lemma fib_redheffer_left_eigenvector:
  assumes "eigenvalue (fib_redheffer n) \<mu>"
  obtains y :: "nat \<Rightarrow> complex"
  where "\<exists>k\<in>{1..n}. y k \<noteq> 0"
    and "(\<Sum>i = 1..n. y i) = \<mu> * y 1"
    and "\<And>k. 2 \<le> k \<Longrightarrow> k \<le> n \<Longrightarrow>
      (\<Sum>i\<in>proper_divisors k. of_nat (fib i) * y i) = (\<mu> - of_nat (fib k)) * y k"
proof -
  have A: "fib_redheffer n \<in> carrier_mat n n" by (simp add: fib_redheffer_def)
  obtain v where v: "v \<in> carrier_vec n" "v \<noteq> 0\<^sub>v n"
    and column: "\<And>c. c < n \<Longrightarrow> (\<Sum>i<n. fib_redheffer n $$ (i, c) * v $ i) = \<mu> * v $ c"
    using eigenvalue_imp_left_eigenvector[OF A assms] by blast
  define y where "y i = v $ (i - 1)" for i
  obtain c where "c < n" "v $ c \<noteq> 0"
    using v by (metis carrier_vecD eq_vecI index_zero_vec(1,2))
  then have nonzero: "\<exists>k\<in>{1..n}. y k \<noteq> 0"
    by (intro bexI[of _ "Suc c"]) (simp_all add: y_def)
  then have "0 < n" by auto
  have "(\<Sum>i<n. fib_redheffer n $$ (i, 0) * v $ i) = (\<Sum>i<n. v $ i)"
    using \<open>0 < n\<close> by (intro sum.cong) (simp_all add: index_fib_redheffer)
  then have "(\<Sum>i = 1..n. y i) = \<mu> * y 1"
    using column[OF \<open>0 < n\<close>] by (simp add: sum.atLeast1_atMost_eq y_def)
  moreover have "(\<Sum>i\<in>proper_divisors k. of_nat (fib i) * y i) = (\<mu> - of_nat (fib k)) * y k"
    if k: "2 \<le> k" "k \<le> n" for k
  proof -
    have "(\<Sum>i<n. fib_redheffer n $$ (i, k - 1) * v $ i)
        = (\<Sum>i<n. (if Suc i dvd k then of_nat (fib (Suc i)) else 0) * v $ i)"
      using k by (intro sum.cong) (simp_all add: index_fib_redheffer)
    then have "(\<Sum>i = 1..n. (if i dvd k then of_nat (fib i) else 0) * y i) = \<mu> * y k"
      using column[of "k - 1"] k by (simp add: sum.atLeast1_atMost_eq y_def)
    also have "(\<Sum>i = 1..n. (if i dvd k then of_nat (fib i) else 0) * y i)
        = (\<Sum>i = 1..n. if i dvd k then of_nat (fib i) * y i else 0)"
      by (intro sum.cong) simp_all
    also have "\<dots> = (\<Sum>i\<in>{i \<in> {1..n}. i dvd k}. of_nat (fib i) * y i)"
      by (rule sum.inter_filter[symmetric]) simp
    also have "{i \<in> {1..n}. i dvd k} = insert k (proper_divisors k)"
      using k by (auto simp: proper_divisors_def dest: dvd_imp_le)
    finally have
      "of_nat (fib k) * y k + (\<Sum>i\<in>proper_divisors k. of_nat (fib i) * y i) = \<mu> * y k"
      by (simp add: proper_divisors_def)
    then show ?thesis by (simp add: algebra_simps)
  qed
  ultimately show ?thesis using nonzero that by blast
qed

theorem theorem4:
  fixes n j :: nat
  assumes "n \<ge> 2" and "1 \<le> j" and "j \<le> n"
  shows "\<not> eigenvalue (fib_redheffer n) (of_nat (fib j))"
proof
  assume "eigenvalue (fib_redheffer n) (of_nat (fib j))"
  define j' where "j' = max 2 j"
  have j': "2 \<le> j'" "j' \<le> n" using assms by (simp_all add: j'_def)
  have "fib j' = fib j" using assms by (cases "j = 1") (simp_all add: j'_def)
  with \<open>eigenvalue _ _\<close> have "eigenvalue (fib_redheffer n) (of_nat (fib j'))" by simp
  then obtain y :: "nat \<Rightarrow> complex" where nonzero: "\<exists>k\<in>{1..n}. y k \<noteq> 0"
    and first_column: "(\<Sum>i = 1..n. y i) = of_nat (fib j') * y 1"
    and column: "\<And>k. 2 \<le> k \<Longrightarrow> k \<le> n \<Longrightarrow>
      (\<Sum>i\<in>proper_divisors k. of_nat (fib i) * y i) = (of_nat (fib j') - of_nat (fib k)) * y k"
    by (rule fib_redheffer_left_eigenvector) blast
  show False
    using nonzero left_eigenvector_eq_0[OF j' first_column column] by auto
qed

end
(* Suppose that $2^\mu=\mu^+$ for every limit cardinal $\mu$ and that there are no Mahlo cardinals. Then for every set $A$ of regular cardinals, $\operatorname{spec}(A)\subseteq\operatorname{pcf}(A)\cup\lim(A)$. Consequently, if $2^\mu=\mu^+$ for every singular cardinal $\mu$ and there are no regular limit cardinals, then $\operatorname{spec}(A)=\operatorname{pcf}(A)$ for every set $A$ of regular cardinals.
   Context: For a set $A$ of regular cardinals, $\prod A$ is the set of functions $f$ with domain $A$ and $f(a)\in a$, ordered by pointwise domination ($f<g$ iff $f(a)<g(a)$ for all $a$). $\operatorname{spec}(A)$ is the set of regular cardinals $\kappa$ with $(\prod A,<)\geq_T\kappa$ in the Tukey order; equivalently, regular $\kappa$ such that there is $\mathcal{F}\subseteq\prod A$ of size $\kappa$ every $\kappa$-sized subset of which is unbounded in $(\prod A,<)$. $\operatorname{pcf}(A)=\{\operatorname{cf}(\prod A/D): D\text{ an ultrafilter on }A\}$, where $\prod A/D$ is ordered by $f<_Dg$ iff $\{a:f(a)<g(a)\}\in D$. $\lim(A)$ denotes the set of limit points of $A$ (ordinals $\delta$ with $A\cap\delta$ unbounded in $\delta$). *)

theory Defs
  imports Main "HOL-Library.FuncSet"
begin

text \<open>Ordinals are modelled as elements of a well-ordered type 'k; the ordinal x is
identified with its initial segment seg x = {y. y < x}.\<close>

definition seg :: "'k::wellorder \<Rightarrow> 'k set" where
  "seg x = {y. y < x}"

————————

Task goal:
Would you print exactly the lines from the first line of the entries above through the line that has "using eigenvalue_imp_left_eigenvector[OF A", both included, and stop there?

Result of this exercise:
lemma fib_redheffer_left_eigenvector:
  assumes "eigenvalue (fib_redheffer n) \<mu>"
  obtains y :: "nat \<Rightarrow> complex"
  where "\<exists>k\<in>{1..n}. y k \<noteq> 0"
    and "(\<Sum>i = 1..n. y i) = \<mu> * y 1"
    and "\<And>k. 2 \<le> k \<Longrightarrow> k \<le> n \<Longrightarrow>
      (\<Sum>i\<in>proper_divisors k. of_nat (fib i) * y i) = (\<mu> - of_nat (fib k)) * y k"
proof -
  have A: "fib_redheffer n \<in> carrier_mat n n" by (simp add: fib_redheffer_def)
  obtain v where v: "v \<in> carrier_vec n" "v \<noteq> 0\<^sub>v n"
    and column: "\<And>c. c < n \<Longrightarrow> (\<Sum>i<n. fib_redheffer n $$ (i, c) * v $ i) = \<mu> * v $ c"
    using eigenvalue_imp_left_eigenvector[OF A assms] by blast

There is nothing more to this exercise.